* **Records**
(* Let $d$ be a positive integer, let $\epsilon>0$, let $C>0$ and $\alpha>0$, and let $1\le p<2<q\le\infty$ with $\frac1p+\frac1q=1$. Put $\delta=2^{-7}\frac{\alpha p}{2-p}\epsilon^2$. There is a constant $c>0$, depending only on $d,C,\alpha,p,\epsilon$ (and not on $N$), such that the following holds. Let $\mathcal{G}$ be a finite $(d+1)$-regular graph and $N$ a positive integer such that $$\|S_n\|_{L^p(\mathcal{G})\to L^q(\mathcal{G})}\le C d^{-\alpha n}\quad\text{for all } n\le N.$$ Then for every eigenfunction $\phi$ of the discrete Laplacian on $\mathcal{G}$ with $\sum_{x\in\mathcal{G}}|\phi(x)|^2=1$, every subset $E\subset\mathcal{G}$ with $\sum_{x\in E}|\phi(x)|^2>\epsilon$ satisfies $$|E|\ge c\, d^{\delta N}.$$ (That is, $|E|\gtrsim d^{\delta N}$ as $N\to\infty$, with implied constant depending on $d,C,\alpha,p,\epsilon$.)
   Context: $L^p(\mathcal{G})$ denotes functions on the vertex set of $\mathcal{G}$ with the counting measure. For $n\ge 0$ and $f:\mathcal{G}\to\mathbb{C}$, the operator $S_n$ is defined by $$S_n f(x)=d^{-n/2}\sum_{\gamma} f(\gamma_n),$$ the sum over all non-backtracking walks $\gamma=(\gamma_0=x,\gamma_1,\dots,\gamma_n)$ of length $n$ in $\mathcal{G}$ starting at $x$ (consecutive vertices adjacent, $\gamma_{i+1}\ne\gamma_{i-1}$). Equivalently, $S_n$ is the projection to $\mathcal{G}$ of the operator $\tilde S_n f(x)=d^{-n/2}\sum_{\operatorname{dist}(x,y)=n}f(y)$ on the $(d+1)$-regular tree $\mathcal{T}_{d+1}$ (the universal cover of $\mathcal{G}$). The discrete Laplacian is $\Delta f=\left(\frac{\sqrt d}{d+1}T_d-1\right)f$, where $T_d f(x)=\frac{1}{\sqrt d}\sum_{y\sim x}f(y)$; its eigenfunctions are exactly the eigenfunctions of $T_d$. *)

theory Defs
  imports "HOL-Analysis.Analysis"
begin

definition graph :: "nat set \<Rightarrow> (nat \<Rightarrow> nat \<Rightarrow> bool) \<Rightarrow> bool" where
  "graph V A \<longleftrightarrow> finite V \<and> (\<forall>x y. A x y \<longrightarrow> x \<in> V \<and> y \<in> V)
     \<and> (\<forall>x y. A x y \<longrightarrow> A y x) \<and> (\<forall>x. \<not> A x x)"

definition regular_graph :: "nat \<Rightarrow> nat set \<Rightarrow> (nat \<Rightarrow> nat \<Rightarrow> bool) \<Rightarrow> bool" where
  "regular_graph k V A \<longleftrightarrow> graph V A \<and> (\<forall>x\<in>V. card {y. A x y} = k)"

definition nb_walks :: "(nat \<Rightarrow> nat \<Rightarrow> bool) \<Rightarrow> nat \<Rightarrow> nat \<Rightarrow> nat list set" where
  "nb_walks A x n = {\<gamma>. length \<gamma> = Suc n \<and> \<gamma> ! 0 = x
      \<and> (\<forall>i<n. A (\<gamma> ! i) (\<gamma> ! Suc i))
      \<and> (\<forall>i. 0 < i \<and> i < n \<longrightarrow> \<gamma> ! Suc i \<noteq> \<gamma> ! (i - 1))}"

definition S_op :: "nat \<Rightarrow> (nat \<Rightarrow> nat \<Rightarrow> bool) \<Rightarrow> nat \<Rightarrow> (nat \<Rightarrow> complex) \<Rightarrow> nat \<Rightarrow> complex" where
  "S_op d A n f x = complex_of_real (real d powr (- real n / 2)) * (\<Sum>\<gamma>\<in>nb_walks A x n. f (last \<gamma>))"

definition lp_norm :: "nat set \<Rightarrow> ereal \<Rightarrow> (nat \<Rightarrow> complex) \<Rightarrow> real" where
  "lp_norm V p f = (if p = \<infinity> then Max (insert 0 ((\<lambda>x. cmod (f x)) ` V))
      else (\<Sum>x\<in>V. cmod (f x) powr real_of_ereal p) powr (1 / real_of_ereal p))"

definition op_norm :: "nat set \<Rightarrow> ereal \<Rightarrow> ereal \<Rightarrow> ((nat \<Rightarrow> complex) \<Rightarrow> (nat \<Rightarrow> complex)) \<Rightarrow> real" where
  "op_norm V p q T = Sup {lp_norm V q (T f) | f. lp_norm V p f \<le> 1}"

definition T_op :: "nat \<Rightarrow> (nat \<Rightarrow> nat \<Rightarrow> bool) \<Rightarrow> (nat \<Rightarrow> complex) \<Rightarrow> nat \<Rightarrow> complex" where
  "T_op d A f x = complex_of_real (1 / sqrt (real d)) * (\<Sum>y\<in>{y. A x y}. f y)"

* **The problem**
Without omitting anything, output the entries exactly.

* **Response for this exercise**
(* Let $d$ be a positive integer, let $\epsilon>0$, let $C>0$ and $\alpha>0$, and let $1\le p<2<q\le\infty$ with $\frac1p+\frac1q=1$. Put $\delta=2^{-7}\frac{\alpha p}{2-p}\epsilon^2$. There is a constant $c>0$, depending only on $d,C,\alpha,p,\epsilon$ (and not on $N$), such that the following holds. Let $\mathcal{G}$ be a finite $(d+1)$-regular graph and $N$ a positive integer such that $$\|S_n\|_{L^p(\mathcal{G})\to L^q(\mathcal{G})}\le C d^{-\alpha n}\quad\text{for all } n\le N.$$ Then for every eigenfunction $\phi$ of the discrete Laplacian on $\mathcal{G}$ with $\sum_{x\in\mathcal{G}}|\phi(x)|^2=1$, every subset $E\subset\mathcal{G}$ with $\sum_{x\in E}|\phi(x)|^2>\epsilon$ satisfies $$|E|\ge c\, d^{\delta N}.$$ (That is, $|E|\gtrsim d^{\delta N}$ as $N\to\infty$, with implied constant depending on $d,C,\alpha,p,\epsilon$.)
   Context: $L^p(\mathcal{G})$ denotes functions on the vertex set of $\mathcal{G}$ with the counting measure. For $n\ge 0$ and $f:\mathcal{G}\to\mathbb{C}$, the operator $S_n$ is defined by $$S_n f(x)=d^{-n/2}\sum_{\gamma} f(\gamma_n),$$ the sum over all non-backtracking walks $\gamma=(\gamma_0=x,\gamma_1,\dots,\gamma_n)$ of length $n$ in $\mathcal{G}$ starting at $x$ (consecutive vertices adjacent, $\gamma_{i+1}\ne\gamma_{i-1}$). Equivalently, $S_n$ is the projection to $\mathcal{G}$ of the operator $\tilde S_n f(x)=d^{-n/2}\sum_{\operatorname{dist}(x,y)=n}f(y)$ on the $(d+1)$-regular tree $\mathcal{T}_{d+1}$ (the universal cover of $\mathcal{G}$). The discrete Laplacian is $\Delta f=\left(\frac{\sqrt d}{d+1}T_d-1\right)f$, where $T_d f(x)=\frac{1}{\sqrt d}\sum_{y\sim x}f(y)$; its eigenfunctions are exactly the eigenfunctions of $T_d$. *)

theory Defs
  imports "HOL-Analysis.Analysis"
begin

definition graph :: "nat set \<Rightarrow> (nat \<Rightarrow> nat \<Rightarrow> bool) \<Rightarrow> bool" where
  "graph V A \<longleftrightarrow> finite V \<and> (\<forall>x y. A x y \<longrightarrow> x \<in> V \<and> y \<in> V)
     \<and> (\<forall>x y. A x y \<longrightarrow> A y x) \<and> (\<forall>x. \<not> A x x)"

definition regular_graph :: "nat \<Rightarrow> nat set \<Rightarrow> (nat \<Rightarrow> nat \<Rightarrow> bool) \<Rightarrow> bool" where
  "regular_graph k V A \<longleftrightarrow> graph V A \<and> (\<forall>x\<in>V. card {y. A x y} = k)"

definition nb_walks :: "(nat \<Rightarrow> nat \<Rightarrow> bool) \<Rightarrow> nat \<Rightarrow> nat \<Rightarrow> nat list set" where
  "nb_walks A x n = {\<gamma>. length \<gamma> = Suc n \<and> \<gamma> ! 0 = x
      \<and> (\<forall>i<n. A (\<gamma> ! i) (\<gamma> ! Suc i))
      \<and> (\<forall>i. 0 < i \<and> i < n \<longrightarrow> \<gamma> ! Suc i \<noteq> \<gamma> ! (i - 1))}"

definition S_op :: "nat \<Rightarrow> (nat \<Rightarrow> nat \<Rightarrow> bool) \<Rightarrow> nat \<Rightarrow> (nat \<Rightarrow> complex) \<Rightarrow> nat \<Rightarrow> complex" where
  "S_op d A n f x = complex_of_real (real d powr (- real n / 2)) * (\<Sum>\<gamma>\<in>nb_walks A x n. f (last \<gamma>))"

definition lp_norm :: "nat set \<Rightarrow> ereal \<Rightarrow> (nat \<Rightarrow> complex) \<Rightarrow> real" where
  "lp_norm V p f = (if p = \<infinity> then Max (insert 0 ((\<lambda>x. cmod (f x)) ` V))
      else (\<Sum>x\<in>V. cmod (f x) powr real_of_ereal p) powr (1 / real_of_ereal p))"

definition op_norm :: "nat set \<Rightarrow> ereal \<Rightarrow> ereal \<Rightarrow> ((nat \<Rightarrow> complex) \<Rightarrow> (nat \<Rightarrow> complex)) \<Rightarrow> real" where
  "op_norm V p q T = Sup {lp_norm V q (T f) | f. lp_norm V p f \<le> 1}"

definition T_op :: "nat \<Rightarrow> (nat \<Rightarrow> nat \<Rightarrow> bool) \<Rightarrow> (nat \<Rightarrow> complex) \<Rightarrow> nat \<Rightarrow> complex" where
  "T_op d A f x = complex_of_real (1 / sqrt (real d)) * (\<Sum>y\<in>{y. A x y}. f y)"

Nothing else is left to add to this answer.